Another former Cuomo aide, Charlotte Bennett, said Cuomo asked embarrassing questions about her sex life last spring, including whether she had ever been with an older man. He also told her, according to the New York Times, he was open to a relationship with a woman in her 20s. Cuomo is 63; Bennett is 25.
“I understood that the governor wanted to sleep with me,” said Bennett, who was transferred to a new job away from Cuomo’s office after she reported the harassment last June to Cuomo’s chief of staff.
A third young woman, a veteran of the Obama White House, Anna Ruch, said the governor — whom she had never before met — put his hand on her bare back at a wedding in September 2019. When she removed his hand, she says, he told her she was being “aggressive,” then cupped her face with his hands and asked if he could kiss her.

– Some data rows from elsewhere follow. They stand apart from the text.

lemma (in prob_space) prob_indep_normal_combination_small:
  fixes X :: "'i \<Rightarrow> 'a \<Rightarrow> real"
  assumes C: "finite C" and ind: "indep_vars (\<lambda>_. borel) X C"
    and X: "\<And>c. c \<in> C \<Longrightarrow> distributed M lborel (X c) (normal_density 0 s)"
    and s: "0 < s" and x: "0 < x" and c0: "c0 \<in> C" "1/2 \<le> \<bar>\<phi> c0\<bar>"
  shows "prob {\<omega>\<in>space M. \<bar>\<Sum>c\<in>C. \<phi> c * X c \<omega>\<bar> < x} \<le> 2 * x / s"
proof -
  have "\<phi> c0 \<noteq> 0"
    using c0(2) by auto
  then obtain \<sigma> where "\<bar>\<phi> c0\<bar> * s \<le> \<sigma>"
    and S: "distributed M lborel (\<lambda>\<omega>. \<Sum>c\<in>C. \<phi> c * X c \<omega>) (normal_density 0 \<sigma>)"
    using indep_normal_combination[OF C ind X s c0(1)] by blast
  moreover have "s / 2 \<le> \<bar>\<phi> c0\<bar> * s"
    using c0(2) s by simp
  ultimately have "s / 2 \<le> \<sigma>"
    by linarith
  moreover have "0 < s / 2"
    using s by simp
  ultimately have "0 < \<sigma>" and "x / \<sigma> \<le> x / (s / 2)"
    using x by (linarith, intro divide_left_mono) auto
  then show ?thesis
    using normal_prob_abs_less_le[OF S _ x] by (fastforce simp: mult.commute)
qed

lemma (in prob_space) small_ball_indep_normal:
  fixes X :: "'i \<times> nat \<Rightarrow> 'a \<Rightarrow> real"
  assumes C: "finite C" and ind: "indep_vars (\<lambda>_. borel) X (C \<times> {..<N})"
    and X: "\<And>c l. c \<in> C \<Longrightarrow> l < N \<Longrightarrow> distributed M lborel (X (c, l)) (normal_density 0 s)"
    and s: "0 < s" and x: "0 < x" and c0: "c0 \<in> C" "1/2 \<le> \<bar>\<phi> c0\<bar>"
  shows "prob {\<omega>\<in>space M. \<forall>l<N. \<bar>\<Sum>c\<in>C. \<phi> c * X (c, l) \<omega>\<bar> < x} \<le> (2 * x / s) ^ N"
proof -
  define S where "S l \<omega> = (\<Sum>c\<in>C. \<phi> c * X (c, l) \<omega>)" for l \<omega>
  have prob_S: "prob (S l -` {-x<..<x} \<inter> space M) \<le> 2 * x / s" if "l < N" for l
  proof -
    have "indep_vars (\<lambda>_. borel) (\<lambda>c. X (c, l)) C"
      using indep_vars_reindex[OF ind, of "\<lambda>c. (c, l)" C] \<open>l < N\<close> by (auto simp: inj_on_def)
    moreover have "S l -` {-x<..<x} \<inter> space M = {\<omega>\<in>space M. \<bar>S l \<omega>\<bar> < x}"
      by auto
    ultimately show ?thesis
      using prob_indep_normal_combination_small[where X = "\<lambda>c. X (c, l)" and \<phi> = \<phi>,
          OF C _ X[OF _ \<open>l < N\<close>] s x c0]
      unfolding S_def by simp
  qed
  have "indep_vars (\<lambda>l. PiM (C \<times> {l}) (\<lambda>_. borel)) (\<lambda>l \<omega>. restrict (\<lambda>i. X i \<omega>) (C \<times> {l})) {..<N}"
    by (rule indep_vars_restrict[OF ind]) (auto simp: disjoint_family_on_def)
  then have "indep_vars (\<lambda>_. borel)
      (\<lambda>l \<omega>. (\<lambda>v. \<Sum>c\<in>C. \<phi> c * v (c, l)) (restrict (\<lambda>i. X i \<omega>) (C \<times> {l}))) {..<N}"
    by (rule indep_vars_compose2) measurable
  then have indep_S: "indep_vars (\<lambda>_. borel) S {..<N}"
    unfolding S_def by simp
  show ?thesis
  proof (cases "N = 0")
    case False
    have "{\<omega>\<in>space M. \<forall>l<N. \<bar>S l \<omega>\<bar> < x} = (\<Inter>l\<in>{..<N}. S l -` {-x<..<x} \<inter> space M)"
      using False by (auto simp: abs_less_iff)
    also have "prob \<dots> = (\<Prod>l<N. prob (S l -` {-x<..<x} \<inter> space M))"
      by (rule indep_varsD_finite[OF indep_S]) (use False in auto)
    also have "\<dots> \<le> (\<Prod>l<N. 2 * x / s)"
      using prob_S by (intro prod_mono) auto
    finally show ?thesis
      by (simp add: S_def)
  qed simp
qed

lemma (in prob_space) AE_eventually_of_geometric_bound:
  assumes sets: "\<And>j. {\<omega>\<in>space M. \<not> P j \<omega>} \<in> events"
    and bound: "\<And>j. j0 \<le> j \<Longrightarrow> prob {\<omega>\<in>space M. \<not> P j \<omega>} \<le> C * (1/2)^j"
  shows "AE \<omega> in M. \<exists>J. \<forall>j\<ge>J. P j \<omega>"
proof -
  define A where "A k = {\<omega>\<in>space M. \<not> P (k + j0) \<omega>}" for k
  have "summable (\<lambda>k. C * (1/2)^(k + j0))"
    by (intro summable_mult) (simp add: power_add summable_mult2)
  then have "summable (\<lambda>k. prob (A k))"
    by (rule summable_comparison_test'[where N=0]) (simp add: A_def bound)
  then have "AE \<omega> in M. eventually (\<lambda>k. \<omega> \<in> space M - A k) sequentially"
    using sets by (intro borel_cantelli_AE1) (auto simp: A_def emeasure_eq_measure)
  then show ?thesis
  proof (rule eventually_mono)
    fix \<omega> assume "eventually (\<lambda>k. \<omega> \<in> space M - A k) sequentially"
    then obtain K where K: "\<And>k. K \<le> k \<Longrightarrow> P (k + j0) \<omega>"
      by (auto simp: A_def eventually_sequentially)
    have "P j \<omega>" if "K + j0 \<le> j" for j
      using that K[of "j - j0"] by simp
    then show "\<exists>J. \<forall>j\<ge>J. P j \<omega>"
      by (intro exI[of _ "K + j0"]) auto
  qed
qed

“I didn’t have a choice in his physical dominance over me at that moment,” Ruch told the New York Times. “And that’s what infuriates me. And even with what I could do, removing his hand from my lower back, even doing that was not clear enough.” Her account is corroborated by a photo of the moment Cuomo held her face. He looks like a carnivore about to swoop down on his prey; she looks properly alarmed.
“I think every woman in America — so many of us — have been triggered by the photo in a way that was deeply uncomfortable,” New York Assemblywoman Jessica González-Rojas told the Wall Street Journal.
Her voice has joined a growing chorus of the state’s Democrats demanding that Cuomo resign.
Should he? I don’t think so, but he could do a hell of a lot better than he did on Saturday, when he issued a mealy-mouthed non-apology, and a denial that he’d inappropriately touched anyone, a claim belied by the photo of him clutching Ruch’s face.
“I acknowledge some of the things I have said have been misinterpreted as an unwanted flirtation,” Cuomo said in his written statement. “To the extent anyone felt that way, I am truly sorry about that.”
At the height of 2017’s MeToo revelations, Democratic Minnesota Sen. Al Franken was accused of far less egregious behavior that dated back to his career as a comedian. He was forced to resign, something Franken and many Democrats have come to regret. New York Sen. Kirsten Gillibrand, the first senator to call for Franken to resign, has been notably wishy-washy about Cuomo, her fellow New Yorker, insisting that various investigations take their course. Maybe she has come to regret her haste in the Franken case, but she’s also been notably silent about Cuomo’s accusers, who deserve her explicit support.
There was a time when Cuomo’s brand of intimidation and abuse was chalked up to the price of working for a powerful man, or, say, bumping into one at a social event like a wedding.
Younger women were expected to feel grateful, or excited by, the attention of a Mr. Big. And the Mr. Bigs almost certainly felt they were bestowing something of value on a subordinate.
I’m glad to say, those days are over, as Cuomo is belatedly discovering.
“The American people are smart, and they are paying attention,” he wrote in his new memoir, “American Crisis.” “Even if there isn’t legal accountability, there will be political accountability on Election day.”
Of course, he was talking about Donald Trump’s eventual comeuppance at the ballot box, but he just as easily could have been talking about himself.
Cuomo has announced he will seek a fourth term next year. Let the voters decide if he is fit to remain in office.